Он вернулся через несколько дней и узнал, что обсуждение «Ипархан» состоялось. Момун не стал вникать в подробности, ибо, как и всех выпускников, в эти дня его занимали мысли о своей дальнейшей судьбе. К тому же Момун вообще не придавал большого значения литературным увлечениям Садыка. Он считал любителей художественного творчества чуть ли не бездельниками, не приносящими никакой практической пользы обществу. Садык чувствовал пренебрежительное отношение Момуна к своим литературным занятиям, но не мог осуждать его.

Сомнение, как и самоуверенность, — неизбежные спутники творчества. В литературе и на подступах к ней есть немало ремесленников и карьеристов, которые, сидя в башне на слоновой кости, никого не признают, а по адресу литературных авторитетов отзываются весьма сдержанно, чтобы в сравнительном плане нечаянно не ущемить собственную персону. Нечто подобное наблюдалось и среди студентов. Выпускники университетов ходили, задрав носы, ждали случая для выявления своих «неограниченных» способностей, которые развивались на демагогических диспутах и дискуссиях, ошибочно поощряемых в Синьцзяне в первые годы после революции.

Садык не мечтал о литературной славе, он был поэтом по натуре, поэтом, если можно так сказать, невольным.
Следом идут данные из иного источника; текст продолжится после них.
text \<open>The sign \<open>\<epsilon>\<close> orients the new values so that the comparison of positions 1 and 2 is kept
  although \<open>c\<close> lies below all of them.\<close>
lemma peak_set_relabel:
  fixes g :: "nat \<Rightarrow> int" and c :: int
  assumes \<sigma>: "\<sigma> \<in> signed_perms n" and n: "2 \<le> n"
    and g_mono: "strict_mono_on {..<n - 1} g" and c_less: "c < g 0"
    and abs_inj: "inj_on abs (insert c (g ` {..<n - 1}))"
    and abs_range: "abs ` insert c (g ` {..<n - 1}) \<subseteq> {1..int n}"
  obtains \<epsilon> \<tau> where "\<epsilon> = 1 \<or> \<epsilon> = -1" "\<tau> \<in> signed_perms n" "peak_set n \<tau> = peak_set n \<sigma>"
    "\<tau> 1 = \<epsilon> * c" "\<And>i. i \<in> {2..int n} \<Longrightarrow> \<tau> i \<in> (\<lambda>k. \<epsilon> * g k) ` {..<n - 1}"
proof -
  define \<epsilon> :: int where "\<epsilon> = (if \<sigma> 1 < \<sigma> 2 then 1 else -1)"
  define A where "A = {2..int n}"
  define w where "w i = (if i = 1 then c else g (rank_in A (\<lambda>j. \<epsilon> * \<sigma> j) i))" for i
  define \<tau> where "\<tau> = signed_perm_of n (\<lambda>i. \<epsilon> * w i)"
  have \<epsilon>: "\<epsilon> = 1 \<or> \<epsilon> = -1" by (simp add: \<epsilon>_def)
  have A: "finite A" "card A = n - 1" "1 \<notin> A" "{1..int n} = insert 1 A" using n by (auto simp: A_def)
  have g_mono': "strict_mono_on {..<card A} g" using g_mono A(2) by simp
  have w_1: "w 1 = c" by (simp add: w_def)
  have w_A: "w i \<in> g ` {..<n - 1}" "c < w i" if "i \<in> A" for i
  proof -
    have "rank_in A (\<lambda>j. \<epsilon> * \<sigma> j) i < n - 1" using rank_in_less_card[OF A(1) that] A(2) by simp
    moreover have "c < g k" if "k < n - 1" for k
      using c_less strict_mono_onD[OF g_mono, of 0 k] that n by (cases "k = 0") auto
    ultimately show "w i \<in> g ` {..<n - 1}" "c < w i" using that A(3) by (auto simp: w_def)
  qed
  have order: "\<tau> i < \<tau> j \<longleftrightarrow> \<sigma> i < \<sigma> j" if "i \<in> A" "j \<in> A" for i j
    using strict_mono_on_comp_rank_in_less_iff[OF A(1) g_mono', of _ _ "\<lambda>j. \<epsilon> * \<sigma> j"] that A \<epsilon>
    by (auto simp: \<tau>_def w_def A_def)
  have "inj_on (\<lambda>j. \<epsilon> * \<sigma> j) A"
    using permutes_inj_on[OF signed_perm_permutes[OF \<sigma>]] \<epsilon> by (auto simp: inj_on_def)
  then have "inj_on (\<lambda>i. g (rank_in A (\<lambda>j. \<epsilon> * \<sigma> j) i)) A"
    by (rule inj_on_comp_rank_in[OF A(1) _ g_mono'])
  then have "inj_on w A" using A(3) by (auto simp: inj_on_def w_def)
  moreover have "w 1 \<notin> w ` A" using w_A(2) by (metis imageE less_irrefl w_1)
  ultimately have "inj_on w {1..int n}" using A(3) by (simp add: A(4))
  moreover have "w ` {1..int n} \<subseteq> insert c (g ` {..<n - 1})" using w_A(1) by (auto simp: A(4) w_1)
  ultimately have \<tau>_sp: "\<tau> \<in> signed_perms n"
    unfolding \<tau>_def using abs_inj abs_range \<epsilon> by (rule signed_perm_of_scaled_in_signed_perms)
  have "c < w 2" using w_A(2) n by (simp add: A_def)
  then have "\<tau> 1 < \<tau> 2 \<longleftrightarrow> \<sigma> 1 < \<sigma> 2" using n \<epsilon> by (auto simp: \<tau>_def w_def \<epsilon>_def)
  then have "peak_set n \<tau> = peak_set n \<sigma>"
    using order by (intro peak_set_eq_if_order_preserved[OF \<tau>_sp \<sigma>]) (auto simp: A_def)
  moreover have "\<tau> 1 = \<epsilon> * c" using n by (simp add: \<tau>_def w_1)
  moreover have "\<tau> i \<in> (\<lambda>k. \<epsilon> * g k) ` {..<n - 1}" if "i \<in> {2..int n}" for i
    using that w_A(1)[of i] by (auto simp: \<tau>_def A_def)
  ultimately show ?thesis using that \<epsilon> \<tau>_sp by blast
qed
На обсуждении «Ипархан» присутствовало несколько признанных поэтов, историки из Синьцзянского филиала Академии наук Китая, а также несколько непривычных почитателей поэзии — представителей местной власти — китайцев.

«Никто из этих достопочтенных гостей не читал «Ипархан», — недоумевал Садык. — Как же они могут решать судьбу поэмы?..»
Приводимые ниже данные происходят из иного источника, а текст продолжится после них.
text \<open>The two oracles act identically on basis states whose input \<open>x\<close> has \<open>c x = f x\<close>.\<close>

lemma QMQ_diff_eq_query_proj:
  assumes nm: "n < m" and b: "b \<in> carrier_vec (2^m)"
  shows "QMQ m n c *\<^sub>v b - QMQ m n f *\<^sub>v b
       = QMQ m n c *\<^sub>v query_proj m n (\<lambda>x. c x \<noteq> f x) b - QMQ m n f *\<^sub>v query_proj m n (\<lambda>x. c x \<noteq> f x) b"
    (is "_ = ?O c ?P - ?O f ?P")
proof (rule eq_vecI)
  fix i assume "i < dim_vec (?O c ?P - ?O f ?P)"
  then have i: "i < 2^m" by simp
  show "(QMQ m n c *\<^sub>v b - QMQ m n f *\<^sub>v b) $ i = (?O c ?P - ?O f ?P) $ i"
    using qmq_perm_cong[of c i m n f] qmq_perm_less[OF nm i]
    by (auto simp: i b nm QMQ_mult_vec_index query_proj_def qmq_perm_div simp del: index_mult_mat_vec)
qed simp

lemma l2_norm_QMQ_diff_le:
  assumes nm: "n < m" and a: "a \<in> carrier_vec (2^m)" and b: "b \<in> carrier_vec (2^m)"
  shows "l2_norm (2^m) (QMQ m n c *\<^sub>v a - QMQ m n f *\<^sub>v b)
     \<le> l2_norm (2^m) (a - b) + 2 * l2_norm (2^m) (query_proj m n (\<lambda>x. c x \<noteq> f x) b)"
proof -
  let ?O = "\<lambda>c v. QMQ m n c *\<^sub>v v" and ?P = "query_proj m n (\<lambda>x. c x \<noteq> f x) b"
  have "?O c a - ?O f b = ?O c (a - b) + (?O c b - ?O f b)"
    by (rule eq_vecI) (use a b in \<open>simp_all add: mult_minus_distrib_mat_vec[of _ "2^m" "2^m"]\<close>)
  also have "?O c b - ?O f b = ?O c ?P - ?O f ?P"
    by (rule QMQ_diff_eq_query_proj[OF nm b])
  finally have "l2_norm (2^m) (?O c a - ?O f b)
      \<le> l2_norm (2^m) (?O c (a - b)) + l2_norm (2^m) (?O c ?P - ?O f ?P)"
    by (simp only:) (rule l2_norm_add_le, use a b in \<open>simp_all add: mult_mat_vec_carrier[of _ "2^m" "2^m"]\<close>)
  also have "l2_norm (2^m) (?O c ?P - ?O f ?P) \<le> l2_norm (2^m) (?O c ?P) + l2_norm (2^m) (?O f ?P)"
    by (rule l2_norm_diff_le) (simp_all add: mult_mat_vec_carrier[of _ "2^m" "2^m"])
  finally show ?thesis
    using l2_norm_QMQ[OF nm, of "a - b" c] l2_norm_QMQ[OF nm, of ?P c] l2_norm_QMQ[OF nm, of ?P f] a b
    by simp
qed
Садык по наивности не знал, что представители власти считают своим первейшим священным долгом решать судьбу любого явления, будь то литература, искусство, промышленность или сельское хозяйство.

И вот сейчас, сидя в одиночестве в общежитии, Садык вновь и вновь пересматривал страницы рукописи и вспоминал обсуждение.

«…Как будто не хотят понять меня, обвиняют в чем-то совершенно нелепом!.. Но были же люди, которые воспринимали «Ипархан» именно так, как мне хотелось. Меня упрекают за образ отца — Аппака-ходжи, но при чем тут его дочь, ее любовь и верность родине?! Ипархан имеет свои заслуги, независимо от мракобеса отца…»

Садык перечитывал замечания на полях рукописи.

«Ипархан по происхождению не была чистокровной уйгуркой. Историки доказали, что она родилась от китаянки, на которой женился Аппак-ходжа, и его дочь-красавица и военачальник Ипархан самоотверженно сражались за уйгурский народ во имя ислама, который был навязан уйгурам. Какой же смысл посвящать поэму этим миссионерам, считать их национальными героями уйгуров?»

В другом месте на полях рукописи утверждалось совершенно иное:

«…Вновь и вновь восхваляя красоту и батальные подвиги Ипархан, поэт превращает ее в перишту — ангела. Где же народ, предводителем которого была ваша героиня?»

А в конце рукописи была совершенно другая оценка:

«…Нет и не было в нашей литературе поэмы такой художественной силы! Твоя «Ипархан» и по содержанию, и по поэтической форме своей потрясла меня… Даже страшно становится, когда подумаешь, какие муки ты пережил, чтобы с такой неподдельной правдой воссоздать образ исторической личности, приоткрыть ширму веков над нашим восточным Вавилоном!.. Ты нам показал, как надо смотреть на историю, на ее бессмертные ценности. Этим ты и сам творишь историю!..»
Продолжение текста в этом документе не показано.